SIN-Each Airport destination in the world has a three-letter abbreviation for its location. LAX LEX ATL. It's funny that SIN is the abbreviation for Singapore, a country prided in the fact that its citizens are the most law abiding in the world. This is impressive considering that the rigorously enforced laws range from no spitting, no feeding birds, no jaywalking, and the imposing hefty fine for not flushing. (That simply has to be the worst police patrol of all.)

Years of stringent laws have successfully weeded out the riff raff in their country, and they wish to keep it that way. So when I arrived in Singapore wearing my best, I still expected the worst. If only I had the white cotton suits of Miami Vice, I could have played the role to a "T". Instead, I opted for the Duke Boys southern draw, "Honest Boss, we didn't know that was in the General Lee." For arriving with me aboard Pakistani Air was contraband that I was attempting to smuggle into this island-city-country called Singapore, a place known by most for canning an American youth.

The contraband had been stashed in my bag since leaving the US, a country where the cost is low and the selection the best in the world. Any consumption on my part always had to been done in secret, for once the general public saw my unique selection they would expect me to share. "You can only get this in America," I would say with the arrogance of a dealer. For what I was smuggling into Singapore was one pack, that's five sticks of Wrigley's best, Big Red. That's right, chewing gum. I could persuade only one citizen to discuss the issue for fear of Big Brother listening in, but what I learned was that gum had been banned from the country for several years because of the mess caused by irresponsible chewers. Ban it solves it. No more Bazooka, Hubba Bubba, Bubblecious, or any suckers with the banned substance buried inside. No chance of getting a little closer or doubling your pleasure or fun in this country. That is until I, a Big Red
Bootlegger, hit their city. Not since prohibition has a country yearned for a little taste in their mouth, and I had the cinnamon sensation to quench it.

Singapore is a 30-year-old country that has built its economy upon the business of reselling things. A port city, it serves as a major hub to the rest of the world, and over the years has come to be known as a "shop till you drop" paradise. I'm giving them five more years to finally connect all of their well-over 200 malls together, in an attempt to have one continuous air conditioned building along with the title of the world's largest mall. If you think America is obsessed with shopping malls, well Singapore has mastered the mall obsession. Maybe the reason for this is because of the distinct obsession with America one feels while walking around in the city.

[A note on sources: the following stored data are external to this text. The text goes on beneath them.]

lemma det_nonzero_if_cols_independent:
  fixes col :: "nat \<Rightarrow> nat \<Rightarrow> complex"
  assumes inj: "\<And>c. (\<And>i. 1 \<le> i \<Longrightarrow> i \<le> n \<Longrightarrow> (\<Sum>l=1..n. c l * col l i) = 0)
    \<Longrightarrow> (\<And>l. 1 \<le> l \<Longrightarrow> l \<le> n \<Longrightarrow> c l = 0)"
  defines "A \<equiv> mat n n (\<lambda>(i, l). col (Suc l) (Suc i))"
  shows "det A \<noteq> 0"
proof
  assume "det A = 0"
  then obtain w where w: "w \<in> carrier_vec n" "w \<noteq> 0\<^sub>v n" "A *\<^sub>v w = 0\<^sub>v n"
    using det_0_iff_vec_prod_zero[of A n] unfolding A_def by auto
  define c where "c l = (if 1 \<le> l \<and> l \<le> n then w $ (l - 1) else 0)" for l
  have "c l = 0" if l: "1 \<le> l" "l \<le> n" for l
  proof (rule inj[OF _ l])
    fix i assume i: "1 \<le> i" "i \<le> n"
    have "(A *\<^sub>v w) $ (i - 1) = 0" using w(3) i by simp
    then have "(\<Sum>l<n. col (Suc l) i * w $ l) = 0"
      using i w(1) unfolding A_def by (simp add: scalar_prod_def row_def atLeast0LessThan)
    moreover have "(\<Sum>l=1..n. c l * col l i) = (\<Sum>l<n. col (Suc l) i * w $ l)"
      unfolding sum_atLeast1_shift c_def by (intro sum.cong) auto
    ultimately show "(\<Sum>l=1..n. c l * col l i) = 0" by simp
  qed
  then have "w = 0\<^sub>v n"
  proof (intro eq_vecI)
    fix j assume "j < dim_vec (0\<^sub>v n :: complex vec)"
    then have j: "j < n" by simp
    have "c (Suc j) = 0" using \<open>\<And>l. 1 \<le> l \<Longrightarrow> l \<le> n \<Longrightarrow> c l = 0\<close> j by simp
    then show "w $ j = 0\<^sub>v n $ j" unfolding c_def using j by simp
  qed (use w(1) in simp)
  then show False using w(2) by simp
qed

lemma cols_independent_imp_spanning:
  fixes col :: "nat \<Rightarrow> nat \<Rightarrow> complex"
  assumes inj: "\<And>c. (\<And>i. 1 \<le> i \<Longrightarrow> i \<le> n \<Longrightarrow> (\<Sum>l=1..n. c l * col l i) = 0)
    \<Longrightarrow> (\<And>l. 1 \<le> l \<Longrightarrow> l \<le> n \<Longrightarrow> c l = 0)"
  shows "\<exists>c. \<forall>i. 1 \<le> i \<and> i \<le> n \<longrightarrow> (\<Sum>l=1..n. c l * col l i) = y i"
proof -
  define A where "A = mat n n (\<lambda>(i, l). col (Suc l) (Suc i))"
  have A: "A \<in> carrier_mat n n" unfolding A_def by simp
  have "det A \<noteq> 0" unfolding A_def by (rule det_nonzero_if_cols_independent, rule inj) assumption+
  then have "A \<in> Units (ring_mat TYPE(complex) n ())" by (rule det_non_zero_imp_unit[OF A])
  then obtain B where B: "B \<in> carrier_mat n n" "A * B = 1\<^sub>m n"
    unfolding Units_def ring_mat_def by auto
  define yv where "yv = vec n (\<lambda>i. y (Suc i))"
  define w where "w = B *\<^sub>v yv"
  have wc: "w \<in> carrier_vec n"
    unfolding w_def using B(1) by (intro mult_mat_vec_carrier) (auto simp: yv_def)
  have Aw: "A *\<^sub>v w = yv"
    unfolding w_def using B A by (simp add: assoc_mult_mat_vec[symmetric] yv_def)
  define c where "c l = (if 1 \<le> l \<and> l \<le> n then w $ (l - 1) else 0)" for l
  show ?thesis
  proof (intro exI allI impI)
    fix i assume i: "1 \<le> i \<and> i \<le> n"
    have ii: "i - 1 < n" "Suc (i - 1) = i" using i by auto
    have "(A *\<^sub>v w) $ (i - 1) = y i" using Aw ii unfolding yv_def by simp
    then have "(\<Sum>l<n. col (Suc l) i * w $ l) = y i"
      using i wc ii unfolding A_def by (simp add: scalar_prod_def row_def atLeast0LessThan)
    moreover have "(\<Sum>l=1..n. c l * col l i) = (\<Sum>l<n. col (Suc l) i * w $ l)"
      unfolding sum_atLeast1_shift c_def by (intro sum.cong) auto
    ultimately show "(\<Sum>l=1..n. c l * col l i) = y i" by simp
  qed
qed

lemma has_dim_supported_on: "has_dim {v. supported_on n v} n"
  unfolding has_dim_def
proof (intro exI conjI allI impI)
  show "{v. supported_on n v} = {(\<lambda>m. \<Sum>i<n. c i * basis_vec (Suc i) m) | c. True}"
  proof (intro equalityI subsetI)
    fix y
    assume "y \<in> {v. supported_on n v}"
    then have "y = (\<lambda>m. \<Sum>l=1..n. y l * basis_vec l m)"
      by (intro supported_expand) simp
    also have "\<dots> = (\<lambda>m. \<Sum>i<n. y (Suc i) * basis_vec (Suc i) m)"
      by (simp only: sum_atLeast1_shift)
    finally show "y \<in> {(\<lambda>m. \<Sum>i<n. c i * basis_vec (Suc i) m) | c. True}"
      by (intro CollectI exI[of _ "\<lambda>i. y (Suc i)"]) simp
  next
    fix y
    assume "y \<in> {(\<lambda>m. \<Sum>i<n. c i * basis_vec (Suc i) m) | c. True}"
    then show "y \<in> {v. supported_on n v}"
      by (auto simp: supported_on_def basis_vec_def intro!: sum.neutral)
  qed
next
  fix c :: "nat \<Rightarrow> complex" and i :: nat
  assume h: "(\<lambda>m. \<Sum>i<n. c i * basis_vec (Suc i) m) = (\<lambda>m. 0)" and i: "i < n"
  have "(\<Sum>j<n. c j * basis_vec (Suc j) (Suc i)) = c i"
    using i by (simp add: basis_vec_def if_distrib[of "\<lambda>x. _ * x"] cong: if_cong)
  then show "c i = 0" using fun_cong[OF h, of "Suc i"] by simp
qed

lemma independent_supported_cols:
  assumes ind: "\<forall>c. (\<lambda>m. \<Sum>i<n. c i * b i m) = (\<lambda>m. 0) \<longrightarrow> (\<forall>i<n. c i = 0)"
    and b: "\<And>j. j < n \<Longrightarrow> supported_on n (b j)"
    and c: "\<And>i. 1 \<le> i \<Longrightarrow> i \<le> n \<Longrightarrow> (\<Sum>l=1..n. c l * b (l - 1) i) = 0"
    and l: "1 \<le> l" "l \<le> n"
  shows "c l = 0"
proof -
  have "(\<Sum>i<n. c (Suc i) * b i m) = 0" for m
  proof (cases "m \<in> {1..n}")
    case True
    then show ?thesis using c[of m] by (simp add: sum.atLeast1_atMost_eq)
  next
    case False
    then show ?thesis using supported_onD[OF b False] by simp
  qed
  then have "\<forall>i<n. c (Suc i) = 0" using spec[OF ind, of "\<lambda>i. c (Suc i)"] by simp
  moreover have "l - 1 < n" "Suc (l - 1) = l" using l by auto
  ultimately show ?thesis by metis
qed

I found an IGA grocery store in the basement of a massive mall, with a selection I have not seen since being in the U.S. I ran up and down the aisles in disbelief as every American item was signified with a small American flag next to the price. I ran to the cereal aisle, guiding a girl from Holland through my childhood. Lucky Charms I explained simply as cereal with marshmallows. She was impressed. That's Toucan Sam, Tony the Tiger, and the Flintstones on the Fruity and Cocoa Pebbles. They even had a cereal I never even knew existed but could only be American- Oreo Cereal. I've eaten the cookies for breakfast, but now in a convenient cereal and available in SouthEast Asia. This city is too good to be true. I went running the aisles to see how true it was, ending up in the chip section. Pork Rinds, where are the plain and barbecued versions? Honestly, I searched for five minutes without any luck. This wasn't the paradise that I thought it to be. Leaving the store I dropped a suggestion into the comment box that simply read, "Pork Rinds, a southern delicacy." Maybe I'll return next time with a bag of barbecued pig fat instead of the cinnamon gum.

Oh yeah, I was having such a good time in the safest, cleanest city in the world that I forgot to chew or sell the gum. I guess that is their plan. You love all of the other things about the country so much that you forget about rebelling against the $500 fine for chewing gum.

Before arriving in Singapore, I finished out the second part of my tour through Indonesia, on Java. An island of 100 million people was a direct contrast to the tourist island of Bali. One would think I would disappear in the crowd of a 100 million, but I stood out like a 6'2" bleached blond in a land of 5ft. Asians. Instead of being a tourist at a tourist site, I became their tourist site.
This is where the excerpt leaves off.